At the height of the pandemic, when most people were watching Netflix and finding comfort in routine, Bardya Ziaian was taking a crash course in film production. It was a subject he had never formally studied, but had always found fascinating. With a kind of clarity discovered after finding success in his life-long career, he vowed roughly a year before the global pandemic that he was going to make his creative dream come true. So, Bardya learned how to write a screenplay, and then, drawing from his years in finance, secured the funding: the first major hurdles were overcome. From there, he had many other challenges he would face to bring his first feature film to life, but he did it with the same determination he used in all of his entrepreneurial ventures. Bardya Pictures Ltd. officially launched in 2020.
How did the idea for Bardya Productions come about?
Bardya Ziaian: I admire great stories and I think everyone does. The scope of human history is sprinkled with great stories told well that share what it is to live in that time and in that particular place. Stories are vastly important, not just as entertainment, but also as cultural representations, an idea of what is happening during a certain time. Film is a magnificent force in the world that serves a variety of purposes: a vehicle of change, a historical record, a feeling of connection and, my favorite—much needed levity. We are constantly bombarded with the serious issues of the world now on our phones, and our computers and televisions. We really only escape now by choice. The average person reads something like seven minutes of literature a day, those few minutes before they fall asleep. So, films appear to be the best vehicles for storytelling these days. Besides, it feels, to me, that film is a next-level way to connect with an audience, and to make them laugh when laughter is so greatly needed.
What is your experience in the business world? How were you able to leverage it in the film industry?

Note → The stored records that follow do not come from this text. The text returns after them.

lemma site_op_pauli_y_mult_unit_vec:
  "k < N \<Longrightarrow> b < 2 ^ N \<Longrightarrow>
   site_op N k pauli_y *\<^sub>v unit_vec (2 ^ N) b
     = (if bit b k then - \<i> else \<i>) \<cdot>\<^sub>v unit_vec (2 ^ N) (flip_bit k b)"
  by (subst site_op_mult_unit_vec) (auto simp: single_site_mat_defs flip_bit_def intro!: eq_vecI)

lemma site_op_pauli_z_mult_unit_vec:
  "k < N \<Longrightarrow> b < 2 ^ N \<Longrightarrow>
   site_op N k pauli_z *\<^sub>v unit_vec (2 ^ N) b = (if bit b k then - 1 else 1) \<cdot>\<^sub>v unit_vec (2 ^ N) b"
  by (subst site_op_mult_unit_vec) (auto simp: single_site_mat_defs intro!: eq_vecI)

lemma site_op_sigma_minus_mult_unit_vec:
  "k < N \<Longrightarrow> b < 2 ^ N \<Longrightarrow>
   site_op N k sigma_minus *\<^sub>v unit_vec (2 ^ N) b
     = (if bit b k then 0\<^sub>v (2 ^ N) else unit_vec (2 ^ N) (set_bit k b))"
  by (subst site_op_mult_unit_vec) (auto simp: single_site_mat_defs intro!: eq_vecI)

lemma site_op_sigma_plus_mult_unit_vec:
  "k < N \<Longrightarrow> b < 2 ^ N \<Longrightarrow>
   site_op N k sigma_plus *\<^sub>v unit_vec (2 ^ N) b
     = (if bit b k then unit_vec (2 ^ N) (unset_bit k b) else 0\<^sub>v (2 ^ N))"
  by (subst site_op_mult_unit_vec) (auto simp: single_site_mat_defs intro!: eq_vecI)
(* Let $d\ge 1$, $\eta>0$, $\sigma>0$ and $K>1$, and let $\mathcal{D}^*$ be the Gaussian mixture distribution on $\mathbb{R}^d\times\{-1,+1\}$ defined by $\Pr(y=+1)=\Pr(y=-1)=\tfrac12$, $\mu=(\eta,\dots,\eta)\in\mathbb{R}^d$, and $$\mathbf{x}\mid (y=+1)\sim\mathcal{N}(\mu,\sigma_+^2 I_d),\qquad \mathbf{x}\mid (y=-1)\sim\mathcal{N}(-\mu,\sigma_-^2 I_d),$$ where $\sigma_-=\sigma$ and $\sigma_+=K\sigma$. Consider linear classifiers $f(\mathbf{x})=\operatorname{sign}(\langle \omega,\mathbf{x}\rangle+b)$ with $\omega\in\mathbb{R}^d$, $b\in\mathbb{R}$, where $\operatorname{sign}(z)=1$ if $z\ge 0$ and $-1$ otherwise. Let $f_{nat}$ be a linear classifier minimizing the natural risk $\mathbf{R}_{nat}(f)=\Pr_{(\mathbf{x},y)\sim\mathcal{D}^*}(f(\mathbf{x})\neq y)$ over this class. Then the probability of correctly classifying class $-1$ is strictly larger than that of correctly classifying class $+1$: $$\Pr\big(f_{nat}(\mathbf{x})=-1\mid y=-1\big)\;>\;\Pr\big(f_{nat}(\mathbf{x})=+1\mid y=+1\big).$$
   Context: The class $+1$ (with larger variance) is regarded as intrinsically more vulnerable. Class-wise natural risks are $\mathbf{R}^-_{nat}(f)=\Pr(f(\mathbf{x})=+1\mid y=-1)$ and $\mathbf{R}^+_{nat}(f)=\Pr(f(\mathbf{x})=-1\mid y=+1)$, and the class-wise correct-classification probabilities are $\mathbf{P}^-_{nat}(f)=1-\mathbf{R}^-_{nat}(f)$ and $\mathbf{P}^+_{nat}(f)=1-\mathbf{R}^+_{nat}(f)$. The claim is that $\mathbf{P}^-_{nat}(f_{nat})>\mathbf{P}^+_{nat}(f_{nat})$, i.e. a model's estimated probability of the true class is lower for the more vulnerable class. *)

theory Defs
  imports "HOL-Probability.Probability"
begin

text \<open>Isotropic Gaussian N(m, s^2 I_d) on R^d (d = CARD('d)), given by its density
  w.r.t. Lebesgue measure: the product of one-dimensional normal densities.\<close>
definition gauss_iso :: "real^'d \<Rightarrow> real \<Rightarrow> (real^'d) measure" where
  "gauss_iso m s = density lborel (\<lambda>x. ennreal (\<Prod>i\<in>UNIV. normal_density (m$i) s (x$i)))"

definition lin_clf :: "real^'d \<Rightarrow> real \<Rightarrow> real^'d \<Rightarrow> int" where
  "lin_clf w b x = (if w \<bullet> x + b \<ge> 0 then 1 else -1)"
definition continuous_flow :: "'a::metric_space set \<Rightarrow> (real \<Rightarrow> 'a \<Rightarrow> 'a) \<Rightarrow> bool" where
  "continuous_flow X f \<longleftrightarrow>
     (\<forall>t. f t ` X \<subseteq> X) \<and>
     (\<forall>x\<in>X. f 0 x = x) \<and>
     (\<forall>s t. \<forall>x\<in>X. f (s + t) x = f s (f t x)) \<and>
     continuous_on (UNIV \<times> X) (\<lambda>(t, x). f t x)"

definition bowen_dist :: "(real \<Rightarrow> 'a::metric_space \<Rightarrow> 'a) \<Rightarrow> real \<Rightarrow> 'a \<Rightarrow> 'a \<Rightarrow> real" where
  "bowen_dist f t x y = (SUP s\<in>{0..t}. dist (f s x) (f s y))"

definition bowen_ball :: "'a::metric_space set \<Rightarrow> (real \<Rightarrow> 'a \<Rightarrow> 'a) \<Rightarrow> real \<Rightarrow> 'a \<Rightarrow> real \<Rightarrow> 'a set" where
  "bowen_ball X f t x r = {y\<in>X. bowen_dist f t x y < r}"

text \<open>\<open>\<Phi>_\<eta>(x,t) = sup_{y\<in>B_t(x,\<eta>)} \<integral>_0^t \<phi>(f_s y) ds\<close>; the point \<open>x\<close> itself is
  included so that \<open>\<Phi>_0(x,t) = \<integral>_0^t \<phi>(f_s x) ds\<close> (for \<open>\<eta> > 0\<close> this changes nothing).\<close>
definition Phi :: "'a::metric_space set \<Rightarrow> (real \<Rightarrow> 'a \<Rightarrow> 'a) \<Rightarrow> ('a \<Rightarrow> real) \<Rightarrow> real \<Rightarrow> 'a \<Rightarrow> real \<Rightarrow> real" where
  "Phi X f \<phi> \<eta> x t = (SUP y\<in>insert x (bowen_ball X f t x \<eta>). integral {0..t} (\<lambda>s. \<phi> (f s y)))"

definition separated :: "(real \<Rightarrow> 'a::metric_space \<Rightarrow> 'a) \<Rightarrow> real \<Rightarrow> real \<Rightarrow> 'a set \<Rightarrow> bool" where
  "separated f t \<delta> E \<longleftrightarrow> (\<forall>x\<in>E. \<forall>y\<in>E. x \<noteq> y \<longrightarrow> bowen_dist f t x y > \<delta>)"

definition Lambda :: "'a::metric_space set \<Rightarrow> (real \<Rightarrow> 'a \<Rightarrow> 'a) \<Rightarrow> ('a \<Rightarrow> real) \<Rightarrow> ('a \<times> real) set
                       \<Rightarrow> real \<Rightarrow> real \<Rightarrow> real \<Rightarrow> real" where
  "Lambda X f \<phi> C \<delta> \<eta> t =
     Sup {(\<Sum>x\<in>E. exp (Phi X f \<phi> \<eta> x t)) | E. finite E \<and> E \<subseteq> {x. (x, t) \<in> C} \<and> separated f t \<delta> E}"
(* Let $u,v$ be positive integers with $uv\equiv 4,8\pmod{12}$ and $v$ even. Then $\Phi(u\times v,4,2)\le\left\lfloor\frac{u}{4}\left(\left\lfloor\frac{uv-1}{3}\left\lfloor\frac{uv-2}{2}\right\rfloor\right\rfloor-1\right)\right\rfloor$.
   Context: A 2-D $(u\times v,4,2)$-OOC is a family $\mathcal C$ of $u\times v$ $(0,1)$-matrices of Hamming weight $4$ such that for all $A=(a_{ij}),B=(b_{ij})\in\mathcal C$ and integers $r$ with $A\ne B$ or $r\not\equiv0\pmod v$, $\sum_{i,j}a_{ij}b_{i,j+r}\le 2$ (column indices mod $v$). $\Phi(u\times v,4,2)$ is the largest size of such a code. *)

theory Defs
  imports Main "HOL-Library.Library"
begin

text \<open>A u x v (0,1)-matrix is represented by its support: the set of positions (i,j)
  with entry 1, where i < u (row) and j < v (column).\<close>

definition matrices :: "nat \<Rightarrow> nat \<Rightarrow> (nat \<times> nat) set set" where
  "matrices u v = Pow ({0..<u} \<times> {0..<v})"

definition corr :: "nat \<Rightarrow> (nat \<times> nat) set \<Rightarrow> (nat \<times> nat) set \<Rightarrow> int \<Rightarrow> nat" where
  "corr v A B r = card {(i,j) \<in> A. (i, nat ((int j + r) mod int v)) \<in> B}"

definition is_OOC_4_2 :: "nat \<Rightarrow> nat \<Rightarrow> (nat \<times> nat) set set \<Rightarrow> bool" where
  "is_OOC_4_2 u v C \<longleftrightarrow>
     C \<subseteq> matrices u v \<and> (\<forall>A\<in>C. card A = 4) \<and>
     (\<forall>A\<in>C. \<forall>B\<in>C. \<forall>r::int. (A \<noteq> B \<or> \<not> (int v dvd r)) \<longrightarrow> corr v A B r \<le> 2)"

definition Phi_4_2 :: "nat \<Rightarrow> nat \<Rightarrow> nat" where
  "Phi_4_2 u v = Max {card C | C. is_OOC_4_2 u v C}"

end

theory Submission
  imports Defs
begin

text \<open>Together with all its cyclic shifts, an OOC gives a family of \<open>4 |C| v\<close> blocks of
  size 4 in the grid of \<open>n = uv\<close> points, any two of which meet in at most two points.
  Hence two distinct points lie in at most \<open>k = (n - 2)/2\<close> common blocks, and counting
  the pairs through a fixed point bounds its degree by \<open>(n - 1) k / 3\<close>. Since \<open>v\<close> is even,
  shifting by \<open>v/2\<close> pairs up the blocks through a point and its antipode, so that pair
  lies in an even number of blocks; as \<open>k\<close> is odd this costs one unit, which improves the
  degree bound to \<open>J - 1\<close> with \<open>J = (n - 1) k / 3\<close> (an integer when \<open>n \<equiv> 4, 8 (mod 12)\<close>).
  Double counting incidences then gives \<open>4 |C| \<le> u (J - 1)\<close>.\<close>

definition degree :: "'i set \<Rightarrow> ('i \<Rightarrow> 'a set) \<Rightarrow> 'a \<Rightarrow> nat" where
  "degree I B x = card {i \<in> I. x \<in> B i}"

Bardya Ziaian: I’ve long embraced the analytical side of my brain. I mean, my undergraduate and Master’s degrees are both in mathematics and then I went into software engineering. It wasn’t long before I founded BBS Securities and Virtual Brokers, which I later sold to CI Financial. I also founded Robo Advisor, which is a wealth management company and SITTU Group, a think tank company. I remain President and CEO of SITTU Group, where we consult with companies, design systems and invest in early-stage businesses.
I suppose my long history of leadership and launching businesses suggests that I’m always in start-up mode. I don’t know if it’s a common thought, but isn’t every film, essentially, a start-up? It’s an idea that you are getting investors and consumers behind. Film producers and entrepreneurs share a number of skills and I’d say, a mindset.
Starting a production company without prior experience and without insider knowledge was going to be challenging regardless of timing, but launching in the middle of a global pandemic was something we couldn’t foresee. Delaying was part of the early conversation, but knowing when to hit the accelerator and when to hit the brakes is something instinctive and garnered from years of entrepreneurship experience. It was the right time to move forward, even though it seemed counterintuitive. Sometimes you have to keep the momentum going and I would say that is especially true in the film industry.
How did you face challenges?
Bardya Ziaian: The same way I do in the business world: I build an exceptional team and we problem-solve together. Every business is as strong as the people who build it. Every film is, too. There were times that we didn’t agree and we had to work through that, and the final product is better because of it. Respectful disagreement is never a bad thing if it leads to discourse.
What are your future plans for Bardya Pictures?
Bardya Ziaian: Our first film, Super Dicks, which was produced during the pandemic, is full of an all-star cast: including Kim Coates (Netflix’s “Bad Blood”), Ambyr Childer (Netflix’s “You”), Marie Avgeropoulos (Nexflix “The 100”), and Michael Ironside (“Total Recall”).
I’m proud to have worked with such remarkable artists and realise the talent that is needed to bring a script to life.
We will soon begin production on a new comedy called Golden Boy, written by myself and Juliet Wang and directed by film veteran Damian Lee. Fortunately, we have again secured top talent for our second film, and it is hopefully a trend we will maintain.
My plan is to continue creating and learning, and bringing as much laughter to the world as possible.